TS: Nie ma dojrzałości bez... szczerości ze sobą?

EW: Gdy dorastamy do dojrzałości, nie potrzebujemy złudzeń na swój temat ani upiększeń. Nie inwestujemy energii w budowanie fasad, pozorów, więc mamy jej więcej na prawdziwe życie. To ogromna zmiana jakości.

Dojrzałość emocjonalna jako największa supermoc

TS: Brzmi,  jakby  to  była  nasza  super-moc.

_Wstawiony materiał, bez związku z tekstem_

(* In the manifold decomposition game, the Grundy value of the position consisting of the single surface $og$ is $G(o0)=0$, $G(o1)=1$, and for $g\ge 2$, $G(og)=2$ if $g$ is even and $G(og)=0$ if $g$ is odd. (In the paper's notation, the $G$-series of $og$ is $01\dot{2}\dot{0}$.)
   Context: Notation: $og$ is the closed orientable surface of genus $g$ (connected sum of $g$ tori), with $o0$ the sphere. The manifold decomposition game: a position is a finite disjoint union of compact connected surfaces without boundary. Two players alternate moves. A move consists of choosing one component $S$ and performing a proper decomposition of it: choose an essential simple closed curve $J$ on $S$ (not null-homotopic, equivalently not bounding a disk in $S$), take a tubular neighborhood of $J$ (an annulus or a Möbius band), remove its interior, and cap off each resulting boundary circle with a disk; $S$ is replaced by the resulting one or two surfaces. The game ends when every component is a sphere, and the last player able to move wins. The Grundy value $G$ of a position is defined recursively: a position with no moves has value $0$, and otherwise the value is the minimal excluded nonnegative integer (mex) of the values of positions reachable in one move. The $G$-series lists $G(o0),G(o1),G(o2),\dots$; dots over digits indicate a repeating block. *)

theory Defs
  imports Main "HOL-Library.Multiset"
begin

text \<open>Every component reachable from the orientable surface of genus g is a closed
orientable surface, determined up to homeomorphism by its genus; a position is therefore
a finite multiset of genera (genus 0 = sphere).  Proper decompositions of the genus-g
component: cutting along a non-separating essential curve yields genus g-1 (needs g >= 1);
cutting along a separating essential curve yields genera a and g-a with 1 <= a < g.\<close>

definition moves :: "nat multiset \<Rightarrow> nat multiset set" where
  "moves P =
     {P - {#g#} + {#g - 1#} | g. g \<in># P \<and> 1 \<le> g}
   \<union> {P - {#g#} + {#a, g - a#} | g a. g \<in># P \<and> 1 \<le> a \<and> a < g}"

definition mex :: "nat set \<Rightarrow> nat" where
  "mex A = (LEAST n. n \<notin> A)"

definition gw :: "nat \<Rightarrow> nat" where
  "gw g = (if g = 0 then 0 else 2 * g - 1)"

definition gweight :: "nat multiset \<Rightarrow> nat" where
  "gweight P = sum_mset (image_mset gw P)"

lemma gweight_add_mset: "gweight (add_mset g M) = gw g + gweight M"
  by (simp add: gweight_def)

lemma gweight_plus: "gweight (M + N) = gweight M + gweight N"
  by (simp add: gweight_def)

lemma gweight_remove_add:
  assumes "g \<in># P"
  shows "gweight (P - {#g#} + Q) + gw g = gweight P + gweight Q"
proof -
  have "P = add_mset g (P - {#g#})" using assms by simp
  then have "gweight P = gweight (P - {#g#}) + gw g"
    by (metis gweight_add_mset add.commute)
  then show ?thesis by (simp add: gweight_plus)
qed

lemma moves_decrease: "Q \<in> moves P \<Longrightarrow> gweight Q < gweight P"
proof -
  assume "Q \<in> moves P"
  then consider (a) g where "g \<in># P" "1 \<le> g" "Q = P - {#g#} + {#g - 1#}"
    | (b) g a where "g \<in># P" "1 \<le> a" "a < g" "Q = P - {#g#} + {#a, g - a#}"
    unfolding moves_def by blast
  then show ?thesis
  proof cases
    case a
    have "gweight {#g - 1#} < gw g"
      using a by (simp add: gweight_def gw_def) arith
    then show ?thesis using gweight_remove_add[OF a(1), of "{#g - 1#}"] unfolding a(3) by linarith
  next
    case b
    have "gweight {#a, g - a#} < gw g"
      using b by (simp add: gweight_def gw_def)
    then show ?thesis using gweight_remove_add[OF b(1), of "{#a, g - a#}"] unfolding b(4) by linarith
  qed
qed

function grundy :: "nat multiset \<Rightarrow> nat" where
  "grundy P = mex ((\<lambda>Q. grundy Q) ` moves P)"
  by auto
termination
  by (relation "measure gweight") (auto intro: moves_decrease)

end

theory Submission
  imports Defs
begin

text \<open>Only two parities matter: that of the number of tori and that of the number of
components of positive even genus.  Every move flips at least one of them: compressing a
torus flips the first, and every other cut changes the number of even-genus components by
exactly one.  Conversely, an odd number of tori lets one flip the first parity alone, and an
odd number of even-genus components lets one flip the second parity while setting the first
at will.  So by the mex recursion the Grundy value of a position is
[odd number of tori] + 2 [odd number of even-genus components].\<close>

lemma mex_eqI:
  assumes "n \<notin> A" and "{..<n} \<subseteq> A"
  shows "mex A = n"
  unfolding mex_def using assms by (intro Least_equality) (auto simp: not_less[symmetric])

declare grundy.simps [simp del]

lemma grundy_eqI:
  assumes "\<And>P. f P \<notin> f ` moves P" and "\<And>P. {..<f P} \<subseteq> f ` moves P"
  shows "grundy P = f P"
proof (induction P rule: measure_induct_rule[of gweight])
  case (less P)
  have "grundy ` moves P = f ` moves P"
    using less.IH moves_decrease by (intro image_cong) auto
  then show ?case
    by (subst grundy.simps) (simp add: mex_eqI assms)
qed

definition cuts :: "nat \<Rightarrow> nat multiset set" where
  "cuts g = (if g = 0 then {} else {{#g - 1#}}) \<union> {{#a, g - a#} | a. 1 \<le> a \<and> a < g}"

lemma nonseparating_cut: "1 \<le> g \<Longrightarrow> {#g - 1#} \<in> cuts g"
  by (simp add: cuts_def)

lemma separating_cut: "1 \<le> a \<Longrightarrow> a < g \<Longrightarrow> {#a, g - a#} \<in> cuts g"
  by (auto simp: cuts_def)

lemma cutsE:
  assumes "R \<in> cuts g"
  obtains "1 \<le> g" "R = {#g - 1#}" | a where "1 \<le> a" "a < g" "R = {#a, g - a#}"
  using assms unfolding cuts_def by (auto split: if_splits)

lemma moves_iff_cuts:
  "Q \<in> moves P \<longleftrightarrow> (\<exists>g P' R. P = add_mset g P' \<and> R \<in> cuts g \<and> Q = P' + R)"
proof
  assume "Q \<in> moves P"
  then obtain g R where "g \<in># P" "R \<in> cuts g" "Q = P - {#g#} + R"
    unfolding moves_def by (blast intro: nonseparating_cut separating_cut)
  then show "\<exists>g P' R. P = add_mset g P' \<and> R \<in> cuts g \<and> Q = P' + R"
    by (metis insert_DiffM)
next
  assume "\<exists>g P' R. P = add_mset g P' \<and> R \<in> cuts g \<and> Q = P' + R"
  then obtain g P' R where P: "P = add_mset g P'" and R: "R \<in> cuts g" and Q: "Q = P' + R"
    by blast
  have "g \<in># P" and "Q = P - {#g#} + R"
    using P Q by simp_all
  with R show "Q \<in> moves P"
    unfolding moves_def by (elim cutsE) blast+
qed

lemma cut_move: "R \<in> cuts g \<Longrightarrow> P + R \<in> moves (add_mset g P)"
  unfolding moves_iff_cuts by blast

definition torus_count :: "nat multiset \<Rightarrow> nat" where
  "torus_count P = count P 1"

definition even_genus_count :: "nat multiset \<Rightarrow> nat" where
  "even_genus_count P = size (filter_mset (\<lambda>g. even g \<and> g \<noteq> 0) P)"

lemma torus_count_simps [simp]:
  "torus_count {#} = 0"
  "torus_count (add_mset g P) = of_bool (g = 1) + torus_count P"
  "torus_count (P + Q) = torus_count P + torus_count Q"
  by (simp_all add: torus_count_def)

lemma even_genus_count_simps [simp]:
  "even_genus_count {#} = 0"
  "even_genus_count (add_mset g P) = of_bool (even g \<and> g \<noteq> 0) + even_genus_count P"
  "even_genus_count (P + Q) = even_genus_count P + even_genus_count Q"
  by (simp_all add: even_genus_count_def)

lemma cut_flips_parity:
  assumes "R \<in> cuts g"
  shows "odd (torus_count {#g#} + torus_count R) \<or> odd (even_genus_count {#g#} + even_genus_count R)"
  using assms
proof (cases rule: cutsE)
  case 1
  then show ?thesis by (cases "g = 1") auto
next
  case (2 a)
  then have "odd (even_genus_count {#g#} + even_genus_count R)"
    by (cases "even g"; cases "even a") auto
  then show ?thesis ..
qed

definition parity_value :: "nat multiset \<Rightarrow> nat" where
  "parity_value P = of_bool (odd (torus_count P)) + 2 * of_bool (odd (even_genus_count P))"

lemma parity_value_eq_iff:
  "parity_value P = parity_value Q \<longleftrightarrow>
     (odd (torus_count P) \<longleftrightarrow> odd (torus_count Q)) \<and>
     (odd (even_genus_count P) \<longleftrightarrow> odd (even_genus_count Q))"
  by (auto simp: parity_value_def)

lemma parity_value_notin_moves: "parity_value P \<notin> parity_value ` moves P"
proof
  assume "parity_value P \<in> parity_value ` moves P"
  then obtain Q where "Q \<in> moves P" and same: "parity_value Q = parity_value P"
    by auto
  then obtain g P' R where "P = add_mset g P'" "R \<in> cuts g" "Q = P' + R"
    by (auto simp: moves_iff_cuts)
  then show False
    using same cut_flips_parity[of R g] by (auto simp: parity_value_eq_iff)
qed

lemma torus_move_value:
  assumes "odd (torus_count P)"
  shows "parity_value P - 1 \<in> parity_value ` moves P"
proof -
  have "1 \<in># P"
    using assms by (metis count_eq_zero_iff even_zero torus_count_def)
  then obtain P' where P: "P = add_mset 1 P'"
    by (metis insert_DiffM)
  have "P' + {#0#} \<in> moves P"
    using cut_move[OF nonseparating_cut[of 1]] by (simp add: P)
  moreover have "parity_value (P' + {#0#}) = parity_value P - 1"
    using assms by (simp add: P parity_value_def)
  ultimately show ?thesis
    by (metis image_eqI)
qed

lemma even_genus_cut:
  assumes "even g" and "g \<noteq> 0"
  shows "\<exists>R \<in> cuts g. even_genus_count R = 0 \<and> odd (torus_count R) = b"
proof (cases "g = 2")
  case True
  then show ?thesis
    using nonseparating_cut[of 2] separating_cut[of 1 2] by (cases b) force+
next
  case False
  with assms have "4 \<le> g"
    by presburger
  show ?thesis
  proof (cases b)
    case True
    with assms \<open>4 \<le> g\<close> show ?thesis
      by (intro bexI[OF _ separating_cut[of 1 g]]) auto
  next
    case False
    with assms \<open>4 \<le> g\<close> show ?thesis
      by (intro bexI[OF _ nonseparating_cut[of g]]) auto
  qed
qed

lemma even_genus_move_values:
  assumes "odd (even_genus_count P)"
  shows "{0, 1} \<subseteq> parity_value ` moves P"
proof -
  have "filter_mset (\<lambda>g. even g \<and> g \<noteq> 0) P \<noteq> {#}"
    using assms unfolding even_genus_count_def by (metis even_zero size_empty)
  then obtain g where "g \<in># filter_mset (\<lambda>g. even g \<and> g \<noteq> 0) P"
    by (rule multiset_nonemptyE)
  then have g: "g \<in># P" "even g" "g \<noteq> 0"
    by simp_all
  then obtain P' where P: "P = add_mset g P'"
    by (metis insert_DiffM)
  have "n \<in> parity_value ` moves P" if "n \<le> 1" for n
  proof -
    obtain R where R: "R \<in> cuts g" "even_genus_count R = 0"
      and "odd (torus_count R) \<longleftrightarrow> (odd (torus_count P') \<longleftrightarrow> n = 0)"
      using even_genus_cut[OF g(2,3)] by blast
    then have "parity_value (P' + R) = n"
      using assms g \<open>n \<le> 1\<close> by (auto simp: P parity_value_def)
    moreover have "P' + R \<in> moves P"
      using cut_move[OF R(1)] by (simp add: P)
    ultimately show ?thesis
      by (metis image_eqI)
  qed
  then show ?thesis
    by auto
qed

lemma parity_value_lower_reachable: "{..<parity_value P} \<subseteq> parity_value ` moves P"
  using torus_move_value[of P] even_genus_move_values[of P]
  by (cases "odd (torus_count P)"; cases "odd (even_genus_count P)")
    (auto simp: parity_value_def less_Suc_eq numeral_eq_Suc)

lemma grundy_eq_parity_value: "grundy P = parity_value P"
  by (rule grundy_eqI[OF parity_value_notin_moves parity_value_lower_reachable])

theorem theorem2p3:
  shows "grundy {#0#} = 0 \<and> grundy {#1#} = 1 \<and>
         (\<forall>g::nat. g \<ge> 2 \<longrightarrow> grundy {#g#} = (if even g then 2 else 0))"
  by (auto simp: grundy_eq_parity_value parity_value_def)

end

EW: Bo tak jest. Dojrzałość to piękna postawa, odwaga widzenia życia takim, jakie ono jest. I siebie też. Bez iluzji, ale też  bez  negatywnych  zniekształceń. Gdy  osiągamy, otwierają się przed nami ogromne możliwości – możemy uświadomić sobie cały swój potencjał i wreszcie w pełni z niego korzystać.